Publisher’s Perspective: Miles’ reporting hit home about the reality of World War II

U.S. Army Maj. Frank Miles of Des Moines served during World War II as a war correspondent.

 

May/June 2025 (Volume 17, Issue 3)

 

 

By Michael Swanger

 

This year marks the 80th anniversary of the end of World War II and stories of Americans’ service, sacrifice and valor abound. Though many are about the Greatest Generation knee-deep in blood and guts fighting the foot soldiers of Hirohito and Hitler, others are equally poignant reminders of the sense of duty that Americans embodied during the war.

 

One such story is that of U.S. Army Maj.

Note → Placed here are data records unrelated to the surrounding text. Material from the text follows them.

(* Index a sample of length N K as t N + k, with period t < K and phase k < N. A delay \<tau> sends
   phase k to k + \<tau> mod N, so the sum over the K periods is a geometric sum of K-th roots of
   unity: AF is K times a sum of unimodular terms over the resonant phases k, those for which K
   divides f(k) - f(k + \<tau>) + v. For 0 < |\<tau>| < p the delay is a unit mod N, and
   f(k) - f(k + \<tau>) = -(2 a2 \<tau> k + const) mod N is injective in k; on the given Doppler window a
   resonance determines this difference mod N, so at most one phase resonates and |AF| \<le> K.
   For \<tau> = 0 no phase resonates unless v = 0, where AF is K times the correlation of h_i and h_j. *)

lemma omega_nonzero [simp]: "omega L \<noteq> 0"
  by (simp add: omega_def)

lemma norm_omega_powi [simp]: "cmod (omega L powi n) = 1"
  by (simp add: omega_def norm_power_int norm_exp_eq_Re)

lemma cnj_omega_powi: "cnj (omega L powi n) = omega L powi (- n)"
proof -
  have "cnj (omega L) = inverse (omega L)"
    by (simp add: omega_def exp_cnj exp_minus[symmetric])
  then show ?thesis
    by (simp add: power_int_minus power_int_inverse)
qed

lemma omega_powi_add: "omega L powi (m + n) = omega L powi m * omega L powi n"
  by (simp add: power_int_add)

lemma omega_power_eq_1_iff:
  assumes "L > 0"
  shows "omega L ^ n = 1 \<longleftrightarrow> L dvd n"
proof -
  have "omega L ^ n = exp (2 * of_real pi * \<i> * of_nat n / of_nat L)"
    by (simp add: omega_def exp_of_nat_mult[symmetric] mult_ac)
  then show ?thesis
    using complex_root_unity_eq_1[of L n] assms by simp
qed

lemma omega_powi_eq_1_iff:
  assumes "L > 0"
  shows "omega L powi n = 1 \<longleftrightarrow> int L dvd n"
proof (cases n rule: int_cases2)
  case (nonneg m)
  then show ?thesis using omega_power_eq_1_iff[OF assms] by simp
next
  case (nonpos m)
  then show ?thesis using omega_power_eq_1_iff[OF assms] by (simp add: power_int_minus)
qed

lemma omega_powi_cong:
  assumes "L > 0" and "[m = n] (mod int L)"
  shows "omega L powi m = omega L powi n"
proof -
  have "omega L powi (m - n) = 1"
    using assms by (simp add: omega_powi_eq_1_iff cong_iff_dvd_diff)
  then show ?thesis
    by (simp add: power_int_diff)
qed

lemma omega_mult_powi:
  assumes "N > 0"
  shows "omega (N * K) powi (int N * n) = omega K powi n"
proof -
  have "omega (N * K) ^ N = omega K"
    using assms by (simp add: omega_def exp_of_nat_mult[symmetric])
  then show ?thesis
    by (simp add: power_int_mult)
qed

lemma sum_omega_powi:
  assumes "K > 0"
  shows "(\<Sum>t<K. omega K powi (int t * d)) = (if int K dvd d then of_nat K else 0)"
proof -
  define z where "z = omega K powi d"
  have powers: "omega K powi (int t * d) = z ^ t" for t
    by (simp add: z_def power_int_mult mult.commute[of "int t"])
  show ?thesis
  proof (cases "int K dvd d")
    case True
    then have "z = 1"
      using assms by (simp add: z_def omega_powi_eq_1_iff)
    then show ?thesis
      using True by (simp add: powers)
  next
    case False
    then have "z \<noteq> 1"
      using assms by (simp add: z_def omega_powi_eq_1_iff)
    moreover have "z ^ K = 1"
      using assms by (simp add: z_def power_int_power' omega_powi_eq_1_iff)
    ultimately show ?thesis
      using False geometric_sum[of z K] by (simp add: powers)
  qed
qed

lemma sum_lessThan_mult_split:
  fixes N K :: nat
  shows "(\<Sum>m<N * K. g m) = (\<Sum>t<K. \<Sum>k<N. g (t * N + k))"
proof -
  have "(\<Sum>m<K * N. g m) = (\<Sum>t<K. \<Sum>m\<in>{t * N..<t * N + N}. g m)"
    using sum.nat_group[of g N K] by simp
  also have "\<dots> = (\<Sum>t<K. \<Sum>k<N. g (t * N + k))"
    by (simp add: sum.atLeastLessThan_shift_0 atLeast0LessThan)
  finally show ?thesis
    by (simp add: mult.commute)
qed

lemma interleaved_index_shift:
  fixes \<tau> :: int
  assumes N: "N > 0" and K: "K > 0" and "k < N"
  shows "nat ((int (t * N + k) + \<tau>) mod int (N * K))
           = nat ((int t + (int k + \<tau>) div int N) mod int K) * N + nat ((int k + \<tau>) mod int N)"
proof -
  define m where "m = int (t * N + k) + \<tau>"
  have "m = (int k + \<tau>) + int t * int N"
    by (simp add: m_def)
  then have "m div int N = int t + (int k + \<tau>) div int N" "m mod int N = (int k + \<tau>) mod int N"
    using N by simp_all
  moreover have "m mod int (N * K) = int N * (m div int N mod int K) + m mod int N"
    using mod_mult2_eq'[of m N K] by simp
  ultimately show ?thesis
    using N K by (simp add: m_def nat_add_distrib nat_mult_distrib mult.commute)
qed

lemma AF_interleaved:
  fixes a b x y :: "nat \<Rightarrow> complex" and f :: "nat \<Rightarrow> nat" and \<tau> v :: int
  assumes N: "N > 0" and K: "K > 0"
    and a: "\<And>t k. t < K \<Longrightarrow> k < N \<Longrightarrow> a (t * N + k) = x k * omega K ^ (t * f k)"
    and b: "\<And>t k. t < K \<Longrightarrow> k < N \<Longrightarrow> b (t * N + k) = y k * omega K ^ (t * f k)"
  defines "r \<equiv> \<lambda>k. nat ((int k + \<tau>) mod int N)" and "q \<equiv> \<lambda>k. (int k + \<tau>) div int N"
  defines "c \<equiv> \<lambda>k. x k * cnj (y (r k)) * omega (N * K) powi (v * int k)
                   * omega K powi (- q k * int (f (r k)))"
  shows "AF (N * K) a b \<tau> v
           = of_nat K * (\<Sum>k | k < N \<and> int K dvd int (f k) - int (f (r k)) + v. c k)"
proof -
  define D where "D k = int (f k) - int (f (r k)) + v" for k
  have summand: "a (t * N + k) * cnj (b (nat ((int (t * N + k) + \<tau>) mod int (N * K))))
                   * omega (N * K) powi (v * int (t * N + k))
                 = c k * omega K powi (int t * D k)" if "t < K" "k < N" for t k
  proof -
    define T where "T = nat ((int t + q k) mod int K)"
    have "T < K" "r k < N"
      using N K by (simp_all add: T_def r_def nat_less_iff)
    have "[int T * int (f (r k)) = (int t + q k) * int (f (r k))] (mod int K)"
      using K by (intro cong_mult cong_refl) (simp add: T_def)
    then have "b (T * N + r k) = y (r k) * omega K powi ((int t + q k) * int (f (r k)))"
      using b[OF \<open>T < K\<close> \<open>r k < N\<close>] omega_powi_cong[OF K] by (simp flip: power_int_of_nat)
    then have b_val: "b (nat ((int (t * N + k) + \<tau>) mod int (N * K)))
                        = y (r k) * omega K powi ((int t + q k) * int (f (r k)))"
      using interleaved_index_shift[OF N K \<open>k < N\<close>] by (simp add: T_def r_def q_def)
    have a_val: "a (t * N + k) = x k * omega K powi (int t * int (f k))"
      by (simp add: a[OF that] flip: of_nat_mult)
    have "v * int (t * N + k) = int N * (v * int t) + v * int k"
      by (simp add: algebra_simps)
    then have omega_val: "omega (N * K) powi (v * int (t * N + k))
                            = omega K powi (v * int t) * omega (N * K) powi (v * int k)"
      by (simp only: omega_powi_add omega_mult_powi[OF N])
    have "a (t * N + k) * cnj (b (nat ((int (t * N + k) + \<tau>) mod int (N * K))))
            * omega (N * K) powi (v * int (t * N + k))
          = x k * cnj (y (r k)) * omega (N * K) powi (v * int k)
            * (omega K powi (int t * int (f k)) * omega K powi (- ((int t + q k) * int (f (r k))))
               * omega K powi (v * int t))"
      unfolding a_val b_val omega_val by (simp add: cnj_omega_powi mult_ac del: complex_cnj_power_int)
    also have "omega K powi (int t * int (f k)) * omega K powi (- ((int t + q k) * int (f (r k))))
                 * omega K powi (v * int t)
               = omega K powi (- q k * int (f (r k))) * omega K powi (int t * D k)"
      by (simp add: D_def algebra_simps flip: omega_powi_add)
    finally show ?thesis
      by (simp add: c_def mult_ac)
  qed
  have "AF (N * K) a b \<tau> v = (\<Sum>t<K. \<Sum>k<N. c k * omega K powi (int t * D k))"
    unfolding AF_def sum_lessThan_mult_split by (intro sum.cong refl) (rule summand; simp)
  also have "\<dots> = (\<Sum>k<N. c k * (\<Sum>t<K. omega K powi (int t * D k)))"
    by (simp add: sum.swap[of _ "{..<K}"] sum_distrib_left)
  also have "\<dots> = (\<Sum>k<N. if int K dvd D k then c k * of_nat K else 0)"
    by (intro sum.cong refl) (simp add: sum_omega_powi[OF K])
  also have "\<dots> = (\<Sum>k | k < N \<and> int K dvd D k. c k) * of_nat K"
    by (simp add: sum.inter_filter[symmetric] sum_distrib_right Collect_conj_eq lessThan_def)
  finally show ?thesis
    by (simp add: D_def mult.commute)
qed

lemma AF_interleaved_zero_shift:
  fixes a b x y :: "nat \<Rightarrow> complex" and f :: "nat \<Rightarrow> nat" and v :: int
  assumes N: "N > 0" and K: "K > 0"
    and a: "\<And>t k. t < K \<Longrightarrow> k < N \<Longrightarrow> a (t * N + k) = x k * omega K ^ (t * f k)"
    and b: "\<And>t k. t < K \<Longrightarrow> k < N \<Longrightarrow> b (t * N + k) = y k * omega K ^ (t * f k)"
  shows "AF (N * K) a b 0 v = (if int K dvd v
           then of_nat K * (\<Sum>k<N. x k * cnj (y k) * omega (N * K) powi (v * int k)) else 0)"
proof -
  have unshifted: "nat (int k mod int N) = k" "int k div int N = 0" if "k < N" for k
    using that by (simp_all flip: of_nat_mod of_nat_div)
  have "{k. k < N \<and> int K dvd int (f k) - int (f (nat (int k mod int N))) + v}
          = (if int K dvd v then {..<N} else {})"
    by (auto simp: unshifted)
  moreover have "(\<Sum>k<N. x k * cnj (y (nat (int k mod int N))) * omega (N * K) powi (v * int k)
                     * omega K powi (- (int k div int N) * int (f (nat (int k mod int N)))))
                 = (\<Sum>k<N. x k * cnj (y k) * omega (N * K) powi (v * int k))"
    by (intro sum.cong refl) (simp add: unshifted)
  ultimately show ?thesis
    using AF_interleaved[OF N K a b, of 0 v] by simp
qed
(* Let $q$ be a prime power, $e\in\{0,1,2\}$, $r$ an integer ($r$ odd if $e\in\{0,2\}$, $r$ even if $e=1$), $N=q^{\frac{r+e+1}{2}}$, and let $\{\Sigma_1,\dots,\Sigma_{N+1}\}$ be a spread of a non-degenerate quadric $\mathcal Q_{r+2,e}$ of ${\rm PG}(r+2,q)$ with associated polarity $\perp$. Fix a point $P\in\Sigma_{N+1}$ and an $r$-space $H\subset P^\perp$ with $P\notin H$. Put $\mathcal Q_{r,e}=H\cap\mathcal Q_{r+2,e}$ and $\Pi_i=\langle P,\Sigma_i\rangle\cap H$ for $i=1,\dots,N$. Then: (i) if $e\in\{1,2\}$, then for $i\neq j$ the subspaces $\Pi_i$ and $\Pi_j$ meet in at most one point; (ii) if $e=0$ and $r\equiv 1\pmod 4$, then for $i\neq j$ the subspaces $\Pi_i$ and $\Pi_j$ have exactly one point in common; (iii) each point of $\mathcal Q_{r,e}\setminus\Sigma_{N+1}$ lies in exactly $q$ of the subspaces $\Pi_1,\dots,\Pi_N$.
   Context: Notation: $\mathcal Q_{m,e}$ denotes a non-degenerate quadric of ${\rm PG}(m,q)$ which is hyperbolic $\mathcal Q^+(m,q)$ if $e=0$ ($m$ odd), parabolic $\mathcal Q(m,q)$ if $e=1$ ($m$ even), elliptic $\mathcal Q^-(m,q)$ if $e=2$ ($m$ odd). The polarity $\perp$ associated with the quadric is the one defined by the polar form of the quadratic form; for a point $P$ of the quadric, $P^\perp$ is the tangent hyperplane at $P$. A generator of $\mathcal Q_{m,e}$ is a projective subspace of maximal dimension contained in it; generators are $\frac{m-e-1}{2}$-dimensional. A spread of $\mathcal Q_{m,e}$ is a set of $q^{\frac{m+e-1}{2}}+1$ pairwise disjoint generators. An $s$-space means an $s$-dimensional projective subspace. *)

theory Defs
  imports "HOL-Analysis.Analysis"
begin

Frank Miles of Des Moines who served during World War II as a war correspondent for the National American Legion publication, Iowa Daily Press Association and WHO Radio from 1944 to 1945. His daily reports from the European, African and Pacific theaters about Iowans serving in the military during World War II were published or broadcast across Iowa and made him an Iowa “institution.”

 

A Fort Madison native who was born on April 2, 1890, Miles was a Drake University Law School graduate who was admitted to the Iowa bar in 1916 before joining the U.S. Navy to serve during World War I. After World War I, he worked as a reporter for Des Moines newspapers, served for two years as Des Moines city treasurer, became a founder and longtime editor of the Iowa Legionnaire, and held public relations jobs.

 

At age 54, Miles left his post as public relations director of state selective headquarters and editor of the Iowa Legionnaire to become a war correspondent. According to one newspaper report, his sense of duty to participate in a second world war and the allure of reporting from battlefields was too tempting for Miles to resist. 

 

“A man of quick step and animated speech, Miles bore a happy, newspaperman’s smile before leaving Des Moines as he contemplated the prospect of a writing assignment of almost ‘dream’ proportions and of seeing of the war at first hand,” reported the Muscatine Journal and News-Tribune on Aug. 8, 1944. 

 

While overseas, Miles churned out daily stories about Iowans serving during World War II. They included everything from one-sentence mentions of Iowans—including their hometown and location—to human interest stories, to graphic reports of the carnage of war … “as only an Iowan can write.”

 

 

 

No other story, perhaps, might have been as challenging for Miles to report as the one about the death of his youngest son, William Miles, an American bomber pilot killed by anti-aircraft fire over Italy on May 17, 1944. 

 

William Miles was an 18-year-old Drake University freshman when he enlisted in the U.S. Army Air Corps in January 1942. His older brother, Frank Miles Jr., 20, had become an army aviation cadet the day war was declared. In a story published by the Mason City Globe Gazette on Aug. 29, 1944, the family’s patriarch wrote about the family’s loss.

 

“About the middle of May, when I learned I was coming across as a war correspondent for American Legion publications, I wrote him [William] I might see him shortly and jokingly added he might bring me home as a passenger. He never read the letter. It was returned June 10, marked ‘deceased,’” Miles reported. “On June 1 came a message that he had been killed in action May 17 … and that my son had been given a Christian, military burial in a U.S. Cemetery in Italy the following day.”

 

In August 1944, Miles visited his son’s grave.

 

“About sunset that evening I walked bareheaded and alone in among the rows of graves and found one I had come to visit. I knelt down and talked through the Lord to him and his comrades sleeping there and elsewhere, then I arose and saluted him and all of them and departed with pride and contentment in my broken heart.”

 

 

 

As the war raged on, Miles carried out his reporting duties. He witnessed its worst sights, including German concentration camps. He also reported that Berchtesgaden, the setting of Hitler’s mountain chalet, was “the most beautiful spot he ever visited.”

 

When World War II ended, Miles was in Arkansas meeting his infant grandson, William Baker Miles, Jr.

 

“I didn’t feel like celebrating,” Miles wrote. “I thanked God the war was over and that the killing and maiming of our boys had ended. I prayed that out of this would come a lasting peace.”

 

Miles also credited Iowans for their valiant service. 

 

“I don’t see how the United States could have won the war without them,” he said. “It was amazing from the Azores to Casablanca, clear back to Honolulu—everywhere I met seven or eight soldiers, there always was one from Iowa.”